- WHAT IS REQUIRED: Every record below is to be retyped exactly.

Stored data
=== Begin Enclosure ===

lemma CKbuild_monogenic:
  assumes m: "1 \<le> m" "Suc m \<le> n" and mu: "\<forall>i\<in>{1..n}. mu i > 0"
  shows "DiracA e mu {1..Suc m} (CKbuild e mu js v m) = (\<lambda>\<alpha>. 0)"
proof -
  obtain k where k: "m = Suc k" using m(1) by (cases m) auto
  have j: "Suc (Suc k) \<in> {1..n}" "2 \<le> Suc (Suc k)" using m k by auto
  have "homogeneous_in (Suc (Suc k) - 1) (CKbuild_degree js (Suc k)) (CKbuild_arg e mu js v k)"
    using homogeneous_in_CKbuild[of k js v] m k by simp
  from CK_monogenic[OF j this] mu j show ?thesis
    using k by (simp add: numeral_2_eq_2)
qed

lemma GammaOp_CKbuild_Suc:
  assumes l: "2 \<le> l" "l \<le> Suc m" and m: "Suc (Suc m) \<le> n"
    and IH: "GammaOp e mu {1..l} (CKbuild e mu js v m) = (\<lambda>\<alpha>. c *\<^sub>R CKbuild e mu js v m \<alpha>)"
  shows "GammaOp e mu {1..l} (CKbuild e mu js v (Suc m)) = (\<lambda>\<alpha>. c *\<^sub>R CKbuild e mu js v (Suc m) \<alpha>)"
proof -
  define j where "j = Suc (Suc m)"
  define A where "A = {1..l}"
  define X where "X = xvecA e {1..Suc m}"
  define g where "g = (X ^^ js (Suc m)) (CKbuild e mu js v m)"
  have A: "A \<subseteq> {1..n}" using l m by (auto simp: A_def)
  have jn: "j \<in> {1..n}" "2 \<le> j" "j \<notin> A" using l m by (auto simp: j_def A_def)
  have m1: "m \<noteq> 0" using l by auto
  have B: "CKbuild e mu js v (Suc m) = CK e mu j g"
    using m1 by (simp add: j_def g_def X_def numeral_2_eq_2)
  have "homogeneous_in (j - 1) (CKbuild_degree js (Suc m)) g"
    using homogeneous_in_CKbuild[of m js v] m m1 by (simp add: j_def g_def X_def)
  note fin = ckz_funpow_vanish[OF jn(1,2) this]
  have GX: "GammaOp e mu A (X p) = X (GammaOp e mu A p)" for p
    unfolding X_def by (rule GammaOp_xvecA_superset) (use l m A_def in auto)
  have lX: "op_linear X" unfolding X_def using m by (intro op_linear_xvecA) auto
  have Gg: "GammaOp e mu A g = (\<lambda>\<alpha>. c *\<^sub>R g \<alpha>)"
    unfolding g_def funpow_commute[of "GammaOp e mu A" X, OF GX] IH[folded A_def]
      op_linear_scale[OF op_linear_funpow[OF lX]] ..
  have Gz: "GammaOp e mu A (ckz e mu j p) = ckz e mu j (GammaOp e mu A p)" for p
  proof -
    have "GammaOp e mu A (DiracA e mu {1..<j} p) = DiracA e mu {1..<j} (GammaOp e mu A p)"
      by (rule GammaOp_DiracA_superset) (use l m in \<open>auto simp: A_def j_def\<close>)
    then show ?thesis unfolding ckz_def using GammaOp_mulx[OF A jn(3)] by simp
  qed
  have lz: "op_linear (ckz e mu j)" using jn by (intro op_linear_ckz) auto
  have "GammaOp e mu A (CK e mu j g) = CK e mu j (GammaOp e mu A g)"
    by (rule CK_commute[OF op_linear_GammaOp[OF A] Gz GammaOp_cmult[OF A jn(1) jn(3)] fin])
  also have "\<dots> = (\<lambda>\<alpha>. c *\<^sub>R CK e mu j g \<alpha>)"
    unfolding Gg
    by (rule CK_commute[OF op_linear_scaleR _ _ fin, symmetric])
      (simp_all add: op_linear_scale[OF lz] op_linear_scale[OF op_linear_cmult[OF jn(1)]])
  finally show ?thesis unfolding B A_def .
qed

=== End Enclosure ===

- RESPONSE AREA:
lemma CKbuild_monogenic:
  assumes m: "1 \<le> m" "Suc m \<le> n" and mu: "\<forall>i\<in>{1..n}. mu i > 0"
  shows "DiracA e mu {1..Suc m} (CKbuild e mu js v m) = (\<lambda>\<alpha>. 0)"
proof -
  obtain k where k: "m = Suc k" using m(1) by (cases m) auto
  have j: "Suc (Suc k) \<in> {1..n}" "2 \<le> Suc (Suc k)" using m k by auto
  have "homogeneous_in (Suc (Suc k) - 1) (CKbuild_degree js (Suc k)) (CKbuild_arg e mu js v k)"
    using homogeneous_in_CKbuild[of k js v] m k by simp
  from CK_monogenic[OF j this] mu j show ?thesis
    using k by (simp add: numeral_2_eq_2)
qed

lemma GammaOp_CKbuild_Suc:
  assumes l: "2 \<le> l" "l \<le> Suc m" and m: "Suc (Suc m) \<le> n"
    and IH: "GammaOp e mu {1..l} (CKbuild e mu js v m) = (\<lambda>\<alpha>. c *\<^sub>R CKbuild e mu js v m \<alpha>)"
  shows "GammaOp e mu {1..l} (CKbuild e mu js v (Suc m)) = (\<lambda>\<alpha>. c *\<^sub>R CKbuild e mu js v (Suc m) \<alpha>)"
proof -
  define j where "j = Suc (Suc m)"
  define A where "A = {1..l}"
  define X where "X = xvecA e {1..Suc m}"
  define g where "g = (X ^^ js (Suc m)) (CKbuild e mu js v m)"
  have A: "A \<subseteq> {1..n}" using l m by (auto simp: A_def)
  have jn: "j \<in> {1..n}" "2 \<le> j" "j \<notin> A" using l m by (auto simp: j_def A_def)
  have m1: "m \<noteq> 0" using l by auto
  have B: "CKbuild e mu js v (Suc m) = CK e mu j g"
    using m1 by (simp add: j_def g_def X_def numeral_2_eq_2)
  have "homogeneous_in (j - 1) (CKbuild_degree js (Suc m)) g"
    using homogeneous_in_CKbuild[of m js v] m m1 by (simp add: j_def g_def X_def)
  note fin = ckz_funpow_vanish[OF jn(1,2) this]
  have GX: "GammaOp e mu A (X p) = X (GammaOp e mu A p)" for p
    unfolding X_def by (rule GammaOp_xvecA_superset) (use l m A_def in auto)
  have lX: "op_linear X" unfolding X_def using m by (intro op_linear_xvecA) auto
  have Gg: "GammaOp e mu A g = (\<lambda>\<alpha>. c *\<^sub>R g \<alpha>)"
    unfolding g_def funpow_commute[of "GammaOp e mu A" X, OF GX] IH[folded A_def]
      op_linear_scale[OF op_linear_funpow[OF lX]] ..
  have Gz: "GammaOp e mu A (ckz e mu j p) = ckz e mu j (GammaOp e mu A p)" for p
  proof -
    have "GammaOp e mu A (DiracA e mu {1..<j} p) = DiracA e mu {1..<j} (GammaOp e mu A p)"
      by (rule GammaOp_DiracA_superset) (use l m in \<open>auto simp: A_def j_def\<close>)
    then show ?thesis unfolding ckz_def using GammaOp_mulx[OF A jn(3)] by simp
  qed
  have lz: "op_linear (ckz e mu j)" using jn by (intro op_linear_ckz) auto
  have "GammaOp e mu A (CK e mu j g) = CK e mu j (GammaOp e mu A g)"
    by (rule CK_commute[OF op_linear_GammaOp[OF A] Gz GammaOp_cmult[OF A jn(1) jn(3)] fin])
  also have "\<dots> = (\<lambda>\<alpha>. c *\<^sub>R CK e mu j g \<alpha>)"
    unfolding Gg
    by (rule CK_commute[OF op_linear_scaleR _ _ fin, symmetric])
      (simp_all add: op_linear_scale[OF lz] op_linear_scale[OF op_linear_cmult[OF jn(1)]])
  finally show ?thesis unfolding B A_def .
qed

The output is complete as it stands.